*Exercise requirements*.
The records that follow should be copied in full, exactly as they read.

[Records supplied]

(* The minimum number of subgraphs in a $\{K_3,K_4\}$-decomposition of $K_{19}$ is $D(19,\{3,4\})=35$, and a $\{K_3,K_4\}$-decomposition of $K_{19}$ attaining this minimum consists of $13$ copies of $K_3$ and $22$ copies of $K_4$.
   Context: A $\{K_3,K_4\}$-decomposition of the complete graph $K_v$ is a collection of subgraphs of $K_v$, each isomorphic to $K_3$ or $K_4$, such that every edge of $K_v$ lies in exactly one of them. $D(v,\{3,4\})$ denotes the minimum number of subgraphs in a $\{K_3,K_4\}$-decomposition of $K_v$. *)

theory Defs
  imports Main
begin

text \<open>A subgraph of K_v isomorphic to K_3 or K_4 is a complete
subgraph, determined by its vertex set (a 3- or 4-element subset). Since each
edge lies in exactly one subgraph, no subgraph occurs twice, so a decomposition
is a set of such vertex sets (blocks).\<close>

definition K34_decomposition :: "nat \<Rightarrow> nat set set \<Rightarrow> bool" where
  "K34_decomposition v \<B> \<longleftrightarrow>
     (\<forall>B\<in>\<B>. B \<subseteq> {..<v} \<and> (card B = 3 \<or> card B = 4)) \<and>
     (\<forall>x<v. \<forall>y<v. x \<noteq> y \<longrightarrow> (\<exists>!B. B \<in> \<B> \<and> x \<in> B \<and> y \<in> B))"

definition D34 :: "nat \<Rightarrow> nat" where
  "D34 v = Min {card \<B> | \<B>. K34_decomposition v \<B>}"

end

theory Submission
  imports Defs
begin

(* Counting edges, t triangles and f copies of K_4 in a decomposition of K_19 satisfy
   t + 2f = 57, so the decomposition has 57 - f blocks and it suffices to show f <= 22;
   the bound is attained by an explicit decomposition.
   At a vertex x, 2 t_x + 3 f_x = 18, so t_x is a multiple of 3. If f >= 23 then t <= 11.
   Let W be the set of vertices on triangles. Then 3 |W| <= sum t_x = 3t, and the triangles
   at x in W are edge-disjoint inside W, so 2 t_x <= |W| - 1 <= 10; hence t_x = 3 on W and
   |W| = t is odd and at least 7. Counting the copies of K_4 by the number of their vertices
   in W, against the incidences and the pairs inside W, leaves only |W| = 11 with no K_4
   inside W and at most one K_4 meeting W in three vertices. If there is none, a vertex
   outside W sees W through copies of K_4 each meeting W evenly, against |W| odd. If there is
   one, local counts at its vertex outside W and at a suitable vertex of W force two copies
   of K_4 to share an edge. *)

lemma sum_incident_swap:
  fixes f :: "'a set \<Rightarrow> nat"
  assumes "finite C" "finite U"
  shows "(\<Sum>x\<in>U. \<Sum>B\<in>{B\<in>C. x \<in> B}. f B) = (\<Sum>B\<in>C. card (B \<inter> U) * f B)"
proof -
  have "(\<Sum>x\<in>U. \<Sum>B\<in>{B\<in>C. x \<in> B}. f B) = (\<Sum>B\<in>C. \<Sum>x\<in>{x\<in>U. x \<in> B}. f B)"
    using sum.swap_restrict[OF assms(2,1), of "\<lambda>x B. f B" "\<lambda>x B. x \<in> B"] by simp
  also have "\<dots> = (\<Sum>B\<in>C. card (B \<inter> U) * f B)"
    by (intro sum.cong) (auto simp: Int_def conj_commute)
  finally show ?thesis .
qed

lemma sum_group_by_value:
  fixes h :: "'a \<Rightarrow> nat" and g :: "nat \<Rightarrow> nat"
  assumes "finite F" "\<And>B. B \<in> F \<Longrightarrow> h B \<le> n"
  shows "(\<Sum>B\<in>F. g (h B)) = (\<Sum>i\<le>n. g i * card {B\<in>F. h B = i})"
proof -
  have "(\<Sum>B\<in>F. g (h B)) = (\<Sum>i\<le>n. \<Sum>B\<in>{B\<in>F. h B = i}. g (h B))"
    using sum.group[OF assms(1) finite_atMost, of h n "\<lambda>B. g (h B)"] assms(2)
    by (simp add: image_subset_iff)
  then show ?thesis
    by (simp add: mult.commute)
qed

[/Records supplied]

*Exercise output*.
(* The minimum number of subgraphs in a $\{K_3,K_4\}$-decomposition of $K_{19}$ is $D(19,\{3,4\})=35$, and a $\{K_3,K_4\}$-decomposition of $K_{19}$ attaining this minimum consists of $13$ copies of $K_3$ and $22$ copies of $K_4$.
   Context: A $\{K_3,K_4\}$-decomposition of the complete graph $K_v$ is a collection of subgraphs of $K_v$, each isomorphic to $K_3$ or $K_4$, such that every edge of $K_v$ lies in exactly one of them. $D(v,\{3,4\})$ denotes the minimum number of subgraphs in a $\{K_3,K_4\}$-decomposition of $K_v$. *)

theory Defs
  imports Main
begin

text \<open>A subgraph of K_v isomorphic to K_3 or K_4 is a complete
subgraph, determined by its vertex set (a 3- or 4-element subset). Since each
edge lies in exactly one subgraph, no subgraph occurs twice, so a decomposition
is a set of such vertex sets (blocks).\<close>

definition K34_decomposition :: "nat \<Rightarrow> nat set set \<Rightarrow> bool" where
  "K34_decomposition v \<B> \<longleftrightarrow>
     (\<forall>B\<in>\<B>. B \<subseteq> {..<v} \<and> (card B = 3 \<or> card B = 4)) \<and>
     (\<forall>x<v. \<forall>y<v. x \<noteq> y \<longrightarrow> (\<exists>!B. B \<in> \<B> \<and> x \<in> B \<and> y \<in> B))"

definition D34 :: "nat \<Rightarrow> nat" where
  "D34 v = Min {card \<B> | \<B>. K34_decomposition v \<B>}"

end

theory Submission
  imports Defs
begin

(* Counting edges, t triangles and f copies of K_4 in a decomposition of K_19 satisfy
   t + 2f = 57, so the decomposition has 57 - f blocks and it suffices to show f <= 22;
   the bound is attained by an explicit decomposition.
   At a vertex x, 2 t_x + 3 f_x = 18, so t_x is a multiple of 3. If f >= 23 then t <= 11.
   Let W be the set of vertices on triangles. Then 3 |W| <= sum t_x = 3t, and the triangles
   at x in W are edge-disjoint inside W, so 2 t_x <= |W| - 1 <= 10; hence t_x = 3 on W and
   |W| = t is odd and at least 7. Counting the copies of K_4 by the number of their vertices
   in W, against the incidences and the pairs inside W, leaves only |W| = 11 with no K_4
   inside W and at most one K_4 meeting W in three vertices. If there is none, a vertex
   outside W sees W through copies of K_4 each meeting W evenly, against |W| odd. If there is
   one, local counts at its vertex outside W and at a suitable vertex of W force two copies
   of K_4 to share an edge. *)

lemma sum_incident_swap:
  fixes f :: "'a set \<Rightarrow> nat"
  assumes "finite C" "finite U"
  shows "(\<Sum>x\<in>U. \<Sum>B\<in>{B\<in>C. x \<in> B}. f B) = (\<Sum>B\<in>C. card (B \<inter> U) * f B)"
proof -
  have "(\<Sum>x\<in>U. \<Sum>B\<in>{B\<in>C. x \<in> B}. f B) = (\<Sum>B\<in>C. \<Sum>x\<in>{x\<in>U. x \<in> B}. f B)"
    using sum.swap_restrict[OF assms(2,1), of "\<lambda>x B. f B" "\<lambda>x B. x \<in> B"] by simp
  also have "\<dots> = (\<Sum>B\<in>C. card (B \<inter> U) * f B)"
    by (intro sum.cong) (auto simp: Int_def conj_commute)
  finally show ?thesis .
qed

lemma sum_group_by_value:
  fixes h :: "'a \<Rightarrow> nat" and g :: "nat \<Rightarrow> nat"
  assumes "finite F" "\<And>B. B \<in> F \<Longrightarrow> h B \<le> n"
  shows "(\<Sum>B\<in>F. g (h B)) = (\<Sum>i\<le>n. g i * card {B\<in>F. h B = i})"
proof -
  have "(\<Sum>B\<in>F. g (h B)) = (\<Sum>i\<le>n. \<Sum>B\<in>{B\<in>F. h B = i}. g (h B))"
    using sum.group[OF assms(1) finite_atMost, of h n "\<lambda>B. g (h B)"] assms(2)
    by (simp add: image_subset_iff)
  then show ?thesis
    by (simp add: mult.commute)
qed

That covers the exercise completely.